Which lines of the data contain the string "auto"? Copy every one.

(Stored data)
----------

lemma is_matching_insert_image:
  assumes "is_matching P M" "\<forall>S\<in>P. v \<notin> S" "insert v ` P \<subseteq> P'"
  shows "is_matching P' (map_prod (insert v) (insert v) ` M)"
  unfolding is_matching_iff
proof (rule conjI; intro ballI impI)
  fix p' assume "p' \<in> map_prod (insert v) (insert v) ` M"
  then obtain p where p: "p \<in> M" "p' = map_prod (insert v) (insert v) p" ..
  note pair = is_matching_pairD[OF assms(1) p(1)]
  have "v \<notin> fst p" "v \<notin> snd p"
    using pair(1,2) assms(2) by auto
  have "finite (snd p)"
  proof (rule ccontr)
    assume "infinite (snd p)"
    then show False using pair(4) by simp
  qed
  then have "finite (fst p)"
    using pair(3) by (meson finite_subset psubset_imp_subset)
  have "insert v (fst p) \<subset> insert v (snd p)"
    using pair(3) \<open>v \<notin> snd p\<close> by auto
  moreover have "card (insert v (snd p)) = card (insert v (fst p)) + 1"
    using pair(4) \<open>finite (snd p)\<close> \<open>finite (fst p)\<close> \<open>v \<notin> fst p\<close> \<open>v \<notin> snd p\<close> by simp
  moreover have "insert v (fst p) \<in> P'" "insert v (snd p) \<in> P'"
    using assms(3) pair(1,2) by blast+
  ultimately show "fst p' \<in> P' \<and> snd p' \<in> P' \<and> fst p' \<subset> snd p' \<and> card (snd p') = card (fst p') + 1"
    using p(2) by simp
next
  fix p' q' assume "p' \<in> map_prod (insert v) (insert v) ` M" "q' \<in> map_prod (insert v) (insert v) ` M"
    and "p' \<noteq> q'"
  obtain p where p: "p \<in> M" "p' = map_prod (insert v) (insert v) p"
    using \<open>p' \<in> _\<close> by (rule imageE)
  obtain q where q: "q \<in> M" "q' = map_prod (insert v) (insert v) q"
    using \<open>q' \<in> _\<close> by (rule imageE)
  have "p \<noteq> q" using \<open>p' \<noteq> q'\<close> p(2) q(2) by auto
  then have "{fst p, snd p} \<inter> {fst q, snd q} = {}"
    using is_matching_disjointD[OF assms(1) p(1) q(1)] by simp
  then have "fst p \<noteq> fst q \<and> fst p \<noteq> snd q \<and> snd p \<noteq> fst q \<and> snd p \<noteq> snd q"
    unfolding doubleton_disjoint_iff .
  moreover have "v \<notin> fst p" "v \<notin> snd p" "v \<notin> fst q" "v \<notin> snd q"
    using is_matching_pairD(1,2)[OF assms(1) p(1)] is_matching_pairD(1,2)[OF assms(1) q(1)] assms(2)
    by auto
  ultimately show "{fst p', snd p'} \<inter> {fst q', snd q'} = {}"
    unfolding p(2) q(2) doubleton_disjoint_iff by (simp add: insert_ident)
qed

lemma is_cycle_remove_insert_image:
  assumes cycle: "is_cycle (map_prod (insert v) (insert v) ` M) ps"
    and avoid: "\<forall>p\<in>M. v \<notin> fst p \<and> v \<notin> snd p"
  shows "is_cycle M (map (map_prod (\<lambda>S. S - {v}) (\<lambda>S. S - {v})) ps)"
proof -
  define remove where "remove = map_prod (\<lambda>S::'a set. S - {v}) (\<lambda>S. S - {v})"
  have remove_lift: "remove (map_prod (insert v) (insert v) p) = p" if "p \<in> M" for p
  proof -
    have "v \<notin> fst p" "v \<notin> snd p" using avoid that by auto
    then show ?thesis by (simp add: remove_def prod_eq_iff Diff_insert_absorb)
  qed
  have ps: "set ps \<subseteq> map_prod (insert v) (insert v) ` M"
    using cycle by (simp add: is_cycle_def)
  have "inj_on remove (set ps)"
  proof (rule inj_onI)
    fix x y assume "x \<in> set ps" "y \<in> set ps" "remove x = remove y"
    moreover obtain p where "p \<in> M" "x = map_prod (insert v) (insert v) p"
      using subsetD[OF ps \<open>x \<in> set ps\<close>] by (rule imageE)
    moreover obtain q where "q \<in> M" "y = map_prod (insert v) (insert v) q"
      using subsetD[OF ps \<open>y \<in> set ps\<close>] by (rule imageE)
    ultimately show "x = y" using remove_lift by metis
  qed
  moreover have "set (map remove ps) \<subseteq> M"
    using ps remove_lift by auto
  moreover have "snd (map remove ps ! i) \<supset> fst (map remove ps ! (Suc i mod length ps))"
    if "i < length ps" for i
  proof -
    have succ: "Suc i mod length ps < length ps" using that by (intro mod_less_divisor) linarith
    then have "v \<in> fst (ps ! (Suc i mod length ps))"
      using ps nth_mem by fastforce
    moreover have "snd (ps ! i) \<supset> fst (ps ! (Suc i mod length ps))"
      using cycle that by (simp add: is_cycle_def)
    ultimately show ?thesis using that succ by (auto simp: remove_def)
  qed
  ultimately show ?thesis
    using cycle unfolding remove_def[symmetric] by (simp add: is_cycle_def distinct_map)
qed

lemma no_cycle_Un_insert_image:
  assumes "\<nexists>ps. is_cycle M1 ps" "\<nexists>ps. is_cycle M2 ps"
    and avoid1: "\<forall>p\<in>M1. v \<notin> fst p \<and> v \<notin> snd p"
    and avoid2: "\<forall>p\<in>M2. v \<notin> fst p \<and> v \<notin> snd p"
  shows "\<nexists>ps. is_cycle (M1 \<union> map_prod (insert v) (insert v) ` M2) ps"
proof
  let ?L = "map_prod (insert v) (insert v) ` M2"
  assume "\<exists>ps. is_cycle (M1 \<union> ?L) ps"
  then obtain ps where cycle: "is_cycle (M1 \<union> ?L) ps" ..
  define n where "n = length ps"
  have "set ps \<subseteq> M1 \<union> ?L" using cycle by (simp add: is_cycle_def)
  then have member: "ps ! j \<in> M1 \<or> ps ! j \<in> ?L" if "j < n" for j
    using that nth_mem[of j ps] unfolding n_def by blast
  have lifted: "v \<in> fst p" if "p \<in> ?L" for p
    using that by (elim imageE) simp
  have all_nth: "set ps \<subseteq> M" if "\<And>j. j < n \<Longrightarrow> ps ! j \<in> M" for M
    using that by (metis in_set_conv_nth n_def subsetI)
  show False
  proof (cases "\<exists>i<n. v \<notin> fst (ps ! i)")
    case True
    then obtain i where i: "i < n" "v \<notin> fst (ps ! i)" by blast
    have in_M1: "ps ! k \<in> M1" if "k < n" "v \<notin> fst (ps ! k)" for k
      using member[OF that(1)] lifted[of "ps ! k"] that(2) by metis
    \<comment> \<open>a pair avoiding v lies in M1, so its successor avoids v as well\<close>
    have "v \<notin> fst (ps ! j)" if "j < n" for j
    proof (rule cyclic_propagate[of n "\<lambda>k. v \<notin> fst (ps ! k)" i])
      fix k assume k: "k < n" "v \<notin> fst (ps ! k)"
      have "v \<notin> snd (ps ! k)" using avoid1 in_M1[OF k] by blast
      moreover have "fst (ps ! (Suc k mod n)) \<subset> snd (ps ! k)"
        using cycle k(1) by (simp add: is_cycle_def n_def)
      ultimately show "v \<notin> fst (ps ! (Suc k mod n))" by blast
    qed (use i that in auto)
    then have "set ps \<subseteq> M1" using in_M1 all_nth by blast
    then show False using assms(1) is_cycle_mono[OF cycle] by blast
  next
    case False
    then have "ps ! j \<in> ?L" if "j < n" for j
      using member[OF that] avoid1 that by metis
    then have "set ps \<subseteq> ?L" using all_nth by blast
    then show False
      using assms(2) is_cycle_remove_insert_image[OF is_cycle_mono[OF cycle] avoid2] by blast
  qed
qed

lemma acyclic_matching_Un_insert_image:
  assumes "acyclic_matching P1 M1" "acyclic_matching P2 M2" "P1 \<subseteq> P" "insert v ` P2 \<subseteq> P"
    and "\<forall>S\<in>P1. v \<notin> S" "\<forall>S\<in>P2. v \<notin> S"
  shows "acyclic_matching P (M1 \<union> map_prod (insert v) (insert v) ` M2)"
proof -
  let ?L = "map_prod (insert v) (insert v) ` M2"
  have m1: "is_matching P1 M1" and c1: "\<nexists>ps. is_cycle M1 ps"
    using assms(1) by (simp_all add: acyclic_matching_def)
  have m2: "is_matching P2 M2" and c2: "\<nexists>ps. is_cycle M2 ps"
    using assms(2) by (simp_all add: acyclic_matching_def)
  note avoid1 = is_matching_avoid[OF m1 assms(5)] and avoid2 = is_matching_avoid[OF m2 assms(6)]
  have "is_matching P (M1 \<union> ?L)"
  proof (rule is_matching_Un)
    show "is_matching P M1" by (rule is_matching_mono[OF assms(3) m1])
    show "is_matching P ?L" by (rule is_matching_insert_image[OF m2 assms(6,4)])
  next
    fix p q assume "p \<in> M1" "q \<in> ?L"
    then have "v \<notin> fst p" "v \<notin> snd p" "v \<in> fst q" "v \<in> snd q"
      using avoid1 by auto
    then show "{fst p, snd p} \<inter> {fst q, snd q} = {}" by auto
  qed
  then show ?thesis
    using no_cycle_Un_insert_image[OF c1 c2 avoid1 avoid2] by (simp add: acyclic_matching_def)
qed

lemma critical_Un_insert_image:
  assumes "\<forall>S\<in>P. v \<notin> S \<longrightarrow> S \<in> P1" "\<forall>S\<in>P. v \<in> S \<longrightarrow> S - {v} \<in> P2"
  shows "critical P (M1 \<union> map_prod (insert v) (insert v) ` M2)
           \<subseteq> critical P1 M1 \<union> insert v ` critical P2 M2"
proof
  fix S assume "S \<in> critical P (M1 \<union> map_prod (insert v) (insert v) ` M2)"
  then have S: "S \<in> P" "\<forall>p\<in>M1. S \<noteq> fst p \<and> S \<noteq> snd p"
    and lifted: "\<forall>p\<in>map_prod (insert v) (insert v) ` M2. S \<noteq> fst p \<and> S \<noteq> snd p"
    by (simp_all add: critical_def)
  show "S \<in> critical P1 M1 \<union> insert v ` critical P2 M2"
  proof (cases "v \<in> S")
    case True
    then have S_eq: "S = insert v (S - {v})" by blast
    have "S - {v} \<noteq> fst p \<and> S - {v} \<noteq> snd p" if "p \<in> M2" for p
    proof -
      have "S \<noteq> insert v (fst p) \<and> S \<noteq> insert v (snd p)"
        using lifted that by auto
      then show ?thesis using S_eq by metis
    qed
    then have "S - {v} \<in> critical P2 M2"
      using assms(2) S(1) True by (simp add: critical_def)
    then show ?thesis using S_eq by blast
  next
    case False
    then show ?thesis using assms(1) S by (simp add: critical_def)
  qed
qed

lemma insert_Ind_non_neighbours:
  "symp E \<Longrightarrow> \<not> E v v \<Longrightarrow> S \<in> Ind (X - {y. E v y}) E \<Longrightarrow> insert v S \<in> Ind (insert v X) E"
  unfolding Ind_def by (blast dest: sympD)

lemma Ind_remove_vertex:
  "S \<in> Ind (insert v X) E \<Longrightarrow> v \<in> S \<Longrightarrow> v \<notin> X \<Longrightarrow> S - {v} \<in> Ind (X - {y. E v y}) E"
  unfolding Ind_def by blast

lemma cmin_insert_le:
  assumes "finite X" "v \<notin> X" "symp E" "irreflp E"
  shows "cmin (insert v X) E \<le> cmin X E + cmin (X - {y. E v y}) E"
proof -
  let ?P = "Ind (insert v X) E" and ?P1 = "Ind X E" and ?P2 = "Ind (X - {y. E v y}) E"
  obtain M1 where M1: "acyclic_matching ?P1 M1" "card (critical ?P1 M1) = cmin X E"
    using assms(1) by (rule cmin_attained)
  obtain M2 where M2: "acyclic_matching ?P2 M2" "card (critical ?P2 M2) = cmin (X - {y. E v y}) E"
    using assms(1) by (rule cmin_attained[OF finite_Diff])
  let ?M = "M1 \<union> map_prod (insert v) (insert v) ` M2"
  have sub: "?P1 \<subseteq> ?P" and avoid: "\<forall>S\<in>?P1. v \<notin> S" "\<forall>S\<in>?P2. v \<notin> S"
    using assms(2) unfolding Ind_def by blast+
  have lift: "insert v ` ?P2 \<subseteq> ?P"
    using insert_Ind_non_neighbours[OF assms(3) irreflpD[OF assms(4)]] by blast
  have "acyclic_matching ?P ?M"
    by (rule acyclic_matching_Un_insert_image[OF M1(1) M2(1) sub lift avoid])
  then have "cmin (insert v X) E \<le> card (critical ?P ?M)"
    using assms(1) by (intro cmin_le) simp_all
  also have "\<dots> \<le> card (critical ?P1 M1 \<union> insert v ` critical ?P2 M2)"
  proof (rule card_mono)
    show "finite (critical ?P1 M1 \<union> insert v ` critical ?P2 M2)"
      using assms(1) by (simp add: finite_critical)
    show "critical ?P ?M \<subseteq> critical ?P1 M1 \<union> insert v ` critical ?P2 M2"
      by (rule critical_Un_insert_image) (use assms(2) Ind_remove_vertex in \<open>auto simp: Ind_def\<close>)
  qed
  also have "\<dots> \<le> card (critical ?P1 M1) + card (critical ?P2 M2)"
    by (rule order_trans[OF card_Un_le add_left_mono[OF card_image_le]])
       (use assms(1) in \<open>simp add: finite_critical\<close>)
  finally show ?thesis using M1(2) M2(2) by simp
qed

----------

_EXERCISE RESPONSE:_
    using pair(1,2) assms(2) by auto
    using pair(3) \<open>v \<notin> snd p\<close> by auto
  have "p \<noteq> q" using \<open>p' \<noteq> q'\<close> p(2) q(2) by auto
    by auto
    have "v \<notin> fst p" "v \<notin> snd p" using avoid that by auto
    using ps remove_lift by auto
    ultimately show ?thesis using that succ by (auto simp: remove_def)
    qed (use i that in auto)
      using avoid1 by auto
    then show "{fst p, snd p} \<inter> {fst q, snd q} = {}" by auto
        using lifted that by auto
      by (rule critical_Un_insert_image) (use assms(2) Ind_remove_vertex in \<open>auto simp: Ind_def\<close>)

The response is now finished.